Si uno se quedara con la discusión académica de moda entre círculos pedantes, pareciera que sí: no queda más que ver quién construye o contrata mejores equipos mediáticos para afectar más y mejor a una multitud eternamente precarizada e idiota que, sin embargo, sigue siendo (cuando menos simbólicamente, para quienes creen prestar atención) la fuente de legitimidad de todo ejercicio de poder (incluso en medio de esta vorágine digital). Hay que forzar deseos… o, a lo mejor, frente al asco condescendiente, queda otra vía: la orgullosa y privilegiada indiferencia anarquista, que es el camino predilecto de aquellos a los que no les urge que nada cambie. «Si el Estado salva vidas frente a problemas de gran escala, peor para esas vidas: yo no admito formas de coordinación incompatibles con mi enorme orgullo». Dicen ellos mismos por ahí: «quieren obligarnos a gobernar. No caeremos en esa provocación». Pero eso sí: que se abran foros para que me pregunten cómo gastar el presupuesto; o que se me consulte por dónde deben pasar las tuberías del caño y a quién deben surtirle servicios públicos…
Los movimientos progresistas latinoamericanos han optado por otra cosa: se han mantenido al margen de este marco miserable y, en cambio, han llenado de pueblo la antesala de la democracia. Es decir: en lugar de enfrascarse en la idiotez bizantina que se da en las alturas de marfil, han planteado otro eje: no se trata principalmente de ser grandes afectadores por la vía de los medios de comunicación, ni de regocijarse en caprichos; se trata de recolocar al demos al centro y, desde ahí, escucharlo, afectarlo y dejarse afectar por él, pero sin quedarse ahí: después se proyectan medidas contra sus dolores de gran escala.
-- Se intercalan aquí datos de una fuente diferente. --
(* Let $A$ be a partial magma and $R$ an equivalence relation on $A$ in the category of partial magmas. Then $R$ is effective if and only if it is additive.
   Context: A partial magma is a set $A$ with a distinguished element $0$, a subset $A_2\subseteq A\times A$ of summable pairs and a map $+\colon A_2\to A$, such that $(0,a),(a,0)\in A_2$ and $a+0=0+a=a$ for all $a$, and $(a,b)\in A_2$ implies $(b,a)\in A_2$ and $a+b=b+a$. A homomorphism of partial magmas is a map $f$ with $f(0)=0$, $(f(a_1),f(a_2))\in B_2$ and $f(a_1+a_2)=f(a_1)+f(a_2)$ for $(a_1,a_2)\in A_2$. The product $A\times A$ is the partial magma in which $((a,b),(c,d))$ is summable iff $(a,c)\in A_2$ and $(b,d)\in A_2$, with componentwise sum. A partial submagma of a partial magma $C$ is a subset $D\ni 0$ with a set $D_2\subseteq C_2\cap(D\times D)$ containing all $(0,d),(d,0)$, closed under swapping, such that sums of pairs in $D_2$ lie in $D$. An equivalence relation on $A$ is a partial submagma $R$ of $A\times A$ such that for every partial magma $X$, the set of homomorphisms $X\to R$ is an equivalence relation on the set of homomorphisms $X\to A$ (via $\mathrm{Hom}(X,R)\subseteq \mathrm{Hom}(X,A)\times\mathrm{Hom}(X,A)$). $R$ is effective if there is a homomorphism $f\colon A\to B$ of partial magmas such that $R\rightrightarrows A$ is its kernel pair, i.e. $R=\{(a,a'):f(a)=f(a')\}$ and $R_2$ consists of all pairs of elements of $R$ that are summable in $A\times A$. $R$ is additive if $R_2=(R\times R)\cap(A\times A)_2$. *)

theory Defs
  imports Main
begin

text \<open>A partial magma: carrier set, distinguished zero, set of summable pairs,
  and a sum operation (only meaningful on summable pairs).\<close>

record 'a pmagma =
  pm_carrier :: "'a set"
  pm_zero :: 'a
  pm_sums :: "('a \<times> 'a) set"
  pm_add :: "'a \<Rightarrow> 'a \<Rightarrow> 'a"

definition partial_magma :: "('a, 'm) pmagma_scheme \<Rightarrow> bool" where
  "partial_magma A \<longleftrightarrow>
     pm_zero A \<in> pm_carrier A \<and>
     pm_sums A \<subseteq> pm_carrier A \<times> pm_carrier A \<and>
     (\<forall>a\<in>pm_carrier A. (pm_zero A, a) \<in> pm_sums A \<and> (a, pm_zero A) \<in> pm_sums A \<and>
        pm_add A a (pm_zero A) = a \<and> pm_add A (pm_zero A) a = a) \<and>
     (\<forall>a b. (a, b) \<in> pm_sums A \<longrightarrow>
        (b, a) \<in> pm_sums A \<and> pm_add A a b = pm_add A b a \<and> pm_add A a b \<in> pm_carrier A)"

definition pm_hom :: "('a, 'm) pmagma_scheme \<Rightarrow> ('b, 'n) pmagma_scheme \<Rightarrow> ('a \<Rightarrow> 'b) \<Rightarrow> bool" where
  "pm_hom A B f \<longleftrightarrow>
     (\<forall>a\<in>pm_carrier A. f a \<in> pm_carrier B) \<and>
     f (pm_zero A) = pm_zero B \<and>
     (\<forall>a1 a2. (a1, a2) \<in> pm_sums A \<longrightarrow>
        (f a1, f a2) \<in> pm_sums B \<and> f (pm_add A a1 a2) = pm_add B (f a1) (f a2))"

definition pm_square :: "('a, 'm) pmagma_scheme \<Rightarrow> ('a \<times> 'a) pmagma" where
  "pm_square A =
     \<lparr> pm_carrier = pm_carrier A \<times> pm_carrier A,
       pm_zero = (pm_zero A, pm_zero A),
       pm_sums = {((a, b), (c, d)). (a, c) \<in> pm_sums A \<and> (b, d) \<in> pm_sums A},
       pm_add = (\<lambda>(a, b) (c, d). (pm_add A a c, pm_add A b d)) \<rparr>"

definition pm_sub :: "('c, 'm) pmagma_scheme \<Rightarrow> 'c set \<Rightarrow> ('c \<times> 'c) set \<Rightarrow> 'c pmagma" where
  "pm_sub C D D2 = \<lparr> pm_carrier = D, pm_zero = pm_zero C, pm_sums = D2, pm_add = pm_add C \<rparr>"

definition partial_submagma :: "('c, 'm) pmagma_scheme \<Rightarrow> 'c set \<Rightarrow> ('c \<times> 'c) set \<Rightarrow> bool" where
  "partial_submagma C D D2 \<longleftrightarrow>
     D \<subseteq> pm_carrier C \<and> pm_zero C \<in> D \<and>
     D2 \<subseteq> pm_sums C \<inter> (D \<times> D) \<and>
     (\<forall>d\<in>D. (pm_zero C, d) \<in> D2 \<and> (d, pm_zero C) \<in> D2) \<and>
     (\<forall>x y. (x, y) \<in> D2 \<longrightarrow> (y, x) \<in> D2) \<and>
     (\<forall>x y. (x, y) \<in> D2 \<longrightarrow> pm_add C x y \<in> D)"

text \<open>For a test partial magma X, Hom(X,R) (viewed inside Hom(X,A) \<times> Hom(X,A) by
  pairing) is an equivalence relation on Hom(X,A).\<close>

definition hom_equiv_at :: "('x, 'n) pmagma_scheme \<Rightarrow> ('a, 'm) pmagma_scheme
    \<Rightarrow> ('a \<times> 'a) set \<Rightarrow> (('a \<times> 'a) \<times> ('a \<times> 'a)) set \<Rightarrow> bool" where
  "hom_equiv_at X A Rc R2 \<longleftrightarrow>
     (let R = pm_sub (pm_square A) Rc R2;
          rel = (\<lambda>f g. pm_hom X R (\<lambda>x. (f x, g x)))
      in (\<forall>f. pm_hom X A f \<longrightarrow> rel f f) \<and>
         (\<forall>f g. pm_hom X A f \<longrightarrow> pm_hom X A g \<longrightarrow> rel f g \<longrightarrow> rel g f) \<and>
         (\<forall>f g h. pm_hom X A f \<longrightarrow> pm_hom X A g \<longrightarrow> pm_hom X A h \<longrightarrow>
              rel f g \<longrightarrow> rel g h \<longrightarrow> rel f h))"

text \<open>HOL cannot quantify
  over all types inside a formula, so the test objects X range over all partial
  magmas whose carrier lives in the countably infinite type nat.\<close>

definition pm_equivalence_relation :: "('a, 'm) pmagma_scheme \<Rightarrow> ('a \<times> 'a) set
    \<Rightarrow> (('a \<times> 'a) \<times> ('a \<times> 'a)) set \<Rightarrow> bool" where
  "pm_equivalence_relation A Rc R2 \<longleftrightarrow>
     partial_submagma (pm_square A) Rc R2 \<and>
     (\<forall>X :: nat pmagma. partial_magma X \<longrightarrow> hom_equiv_at X A Rc R2)"

text \<open>Effectiveness: R is the kernel pair of some homomorphism f : A \<rightarrow> B, where B
  is a partial magma whose carrier lives in the type given by the first argument.\<close>

definition effective_in :: "'b itself \<Rightarrow> ('a, 'm) pmagma_scheme \<Rightarrow> ('a \<times> 'a) set
    \<Rightarrow> (('a \<times> 'a) \<times> ('a \<times> 'a)) set \<Rightarrow> bool" where
  "effective_in _ A Rc R2 \<longleftrightarrow>
     (\<exists>(B :: 'b pmagma) f. partial_magma B \<and> pm_hom A B f \<and>
        Rc = {(a, a'). a \<in> pm_carrier A \<and> a' \<in> pm_carrier A \<and> f a = f a'} \<and>
        R2 = {(p, q). p \<in> Rc \<and> q \<in> Rc \<and> (p, q) \<in> pm_sums (pm_square A)})"

definition pm_additive :: "('a, 'm) pmagma_scheme \<Rightarrow> ('a \<times> 'a) set
    \<Rightarrow> (('a \<times> 'a) \<times> ('a \<times> 'a)) set \<Rightarrow> bool" where
  "pm_additive A Rc R2 \<longleftrightarrow> R2 = (Rc \<times> Rc) \<inter> pm_sums (pm_square A)"

end

theory Submission
  imports Defs
begin

text \<open>Testing the equivalence-relation property against the partial magma freely generated
  by one element shows that \<open>Rc\<close> is an equivalence relation on the carrier of \<open>A\<close>.
  Closure of \<open>Rc\<close> under the sums of \<open>R2\<close> makes it a congruence as soon as \<open>R2\<close> contains
  all summable pairs of \<open>Rc\<close>; then the classes form a quotient partial magma, in which two
  classes are summable iff some representatives are, and the kernel pair of the quotient
  map is \<open>Rc\<close>.\<close>

text \<open>The partial magma freely generated by one element \<open>1\<close> (so \<open>1 + 1\<close> is undefined):
  homomorphisms out of it correspond to elements of the target.\<close>

definition pm_one_generator :: "nat pmagma" where
  "pm_one_generator =
     \<lparr> pm_carrier = {0, 1}, pm_zero = 0, pm_sums = {(0, 0), (0, 1), (1, 0)}, pm_add = (+) \<rparr>"

definition pm_element_hom :: "('a, 'm) pmagma_scheme \<Rightarrow> 'a \<Rightarrow> nat \<Rightarrow> 'a" where
  "pm_element_hom A a = (\<lambda>n. if n = 0 then pm_zero A else a)"

lemma partial_magma_one_generator: "partial_magma pm_one_generator"
  unfolding partial_magma_def pm_one_generator_def by auto

lemma pm_hom_element_hom:
  assumes "partial_magma A" "a \<in> pm_carrier A"
  shows "pm_hom pm_one_generator A (pm_element_hom A a)"
  using assms unfolding pm_hom_def pm_one_generator_def pm_element_hom_def partial_magma_def
  by auto

lemma pm_hom_pair_element_hom_iff:
  assumes "partial_magma A" "partial_submagma (pm_square A) Rc R2"
  shows "pm_hom pm_one_generator (pm_sub (pm_square A) Rc R2)
           (\<lambda>n. (pm_element_hom A a n, pm_element_hom A b n)) \<longleftrightarrow> (a, b) \<in> Rc"
proof
  assume ab: "(a, b) \<in> Rc"
  have sub: "Rc \<subseteq> pm_carrier A \<times> pm_carrier A" "(pm_zero A, pm_zero A) \<in> Rc"
    "\<forall>d\<in>Rc. ((pm_zero A, pm_zero A), d) \<in> R2 \<and> (d, (pm_zero A, pm_zero A)) \<in> R2"
    using assms(2) unfolding partial_submagma_def pm_square_def by auto
  then have "a \<in> pm_carrier A" "b \<in> pm_carrier A"
    using ab by auto
  then have "pm_add A (pm_zero A) (pm_zero A) = pm_zero A"
    "pm_add A (pm_zero A) a = a" "pm_add A a (pm_zero A) = a"
    "pm_add A (pm_zero A) b = b" "pm_add A b (pm_zero A) = b"
    using assms(1) unfolding partial_magma_def by auto
  with sub ab show "pm_hom pm_one_generator (pm_sub (pm_square A) Rc R2)
      (\<lambda>n. (pm_element_hom A a n, pm_element_hom A b n))"
    unfolding pm_hom_def pm_one_generator_def pm_element_hom_def pm_sub_def
    by (auto simp: pm_square_def)
qed (auto simp: pm_hom_def pm_one_generator_def pm_element_hom_def pm_sub_def)
lemma not_in_spectrum_if_bounded_below:
  fixes T S :: "'a::complex_hilbert \<Rightarrow> 'a"
  assumes T: "bounded_op T" and adj: "\<And>x y. cinner (T x) y = cinner x (S y)"
    and c: "c > 0" and below: "\<And>x. c * norm x \<le> norm (T x - l *\<^sub>C x)"
    and ker: "\<And>y. S y = cnj l *\<^sub>C y \<Longrightarrow> y = 0"
  shows "l \<notin> op_spectrum T"
proof -
  define L where "L x = T x - l *\<^sub>C x" for x
  have scale: "bounded_linear (\<lambda>x::'a. l *\<^sub>C x)"
    by (rule bounded_linear_intro[where K="cmod l"])
      (auto simp: scaleC_add_right scaleR_scaleC_comm norm_scaleC)
  have Lbl: "bounded_linear L"
    unfolding L_def by (rule bounded_linear_sub[OF bounded_op_bounded_linear[OF T] scale])
  interpret L: bounded_linear L by fact
  have LC: "L (a *\<^sub>C x) = a *\<^sub>C L x" for a x
    by (simp add: L_def bounded_op_scaleC[OF T] scaleC_scaleC scaleC_diff_right mult.commute)
  have inj: "x = x'" if "L x = L x'" for x x'
  proof -
    have "c * norm (x - x') \<le> 0" using below[of "x - x'"] that by (simp add: L_def[symmetric] L.diff)
    then show ?thesis using c by (simp add: mult_le_0_iff)
  qed
  have "surj L"
  proof (rule bounded_below_surjective[OF Lbl LC c below[folded L_def]])
    fix r assume orth: "\<And>z. cinner r (L z) = 0"
    define w where "w = S r - cnj l *\<^sub>C r"
    have "cinner (L z) r = cinner z w" for z
      by (simp add: L_def w_def adj cinner_diff_left cinner_diff_right cinner_scaleC_left
          cinner_scaleC_right)
    moreover have "cinner (L z) r = 0" for z using orth[of z] by (subst cinner_commute) simp
    ultimately have "cinner w w = 0" by metis
    then show "r = 0" using ker by (simp add: cinner_self w_def)
  qed
  define R where "R y = (THE x. L x = y)" for y
  have LR: "L (R y) = y" for y
    unfolding R_def by (rule theI') (use \<open>surj L\<close> inj in \<open>metis surjD\<close>)
  have RL: "R (L x) = x" for x using LR inj by blast
  have "bounded_op R" unfolding bounded_op_def
  proof (intro conjI allI exI)
    show "R (x + y) = R x + R y" for x y by (rule inj) (simp add: LR L.add)
    show "R (a *\<^sub>C x) = a *\<^sub>C R x" for a x by (rule inj) (simp add: LR LC)
    show "norm (R x) \<le> (1 / c) * norm x" for x
      using below[of "R x"] LR[of x] c by (simp add: L_def field_simps)
  qed
  then show ?thesis unfolding op_spectrum_def using LR RL unfolding L_def by blast
qed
No sólo los afectos, sino también las ideas, intereses y perspectivas del soberano se ponen al centro y se transforman en resultados materiales. Se conduce, se hace uno cargo de la tragedia y se asume la responsabilidad de que todas y todos vivamos un poquito mejor.
Esto no reniega de los medios de comunicación: les da un sentido que trasciende su función entristecedora en otros contextos globales, porque, a diferencia de allá, acá se intenta respetar e incluso incrementar la agencia de las multitudes tanto como sea posible. Y esto no se deja al arbitrio de los meros afectos, tan importantes pero también tan inciertos: hay un principio político de solidaridad que nos compromete con esta práctica. Así, no se mandata una escucha trágica: se abren los foros, se canalizan los afectos pero también las ideas… En fin: se abre el Estado para todos, hasta (e incluso, quizá, principalmente) a sus opositores y a los excluidos, a los que no cuentan con ningún otro foro ni instancia de organización… a los que no tienen otra forma de canalizar sus afectos.
Quizá es así como podremos seguir hablando honestamente de democracia. Quizá es así como se vence al árido e imbécil dicotomismo que separa lo que Baruch Spinoza había dejado fuertemente unido desde hace muchos años: las ideas y las pasiones. Quizá es así como se supera la trágica necesidad de escoger entre ser un buen manipulador o un mezquino irrelevante. Y en todo caso, es así como Latinoamérica ha decidido hacerle frente al tiempo, al dolor, a la esperanza. Sus movimientos populistas y progresistas volvieron a tomarse en serio la constitución de su propia manera de ser en el mundo.
Aún no sabemos qué saldrá de todo esto; pero sí podemos estar seguros de dos cosas. Primera: en el corto plazo ha dado ya mejores resultados que el neoliberalismo. Y segunda: esta es una manera más digna de hacerle frente a la incertidumbre que la de los sobrados y sobradas que hablan por el pueblo sin sentarlo a la mesa, o peor: que lo declaran irrelevante o prodigioso (¡como si sus objetos no fueran también artificios humanos!) desde sus hinchados y delirantes resentimientos.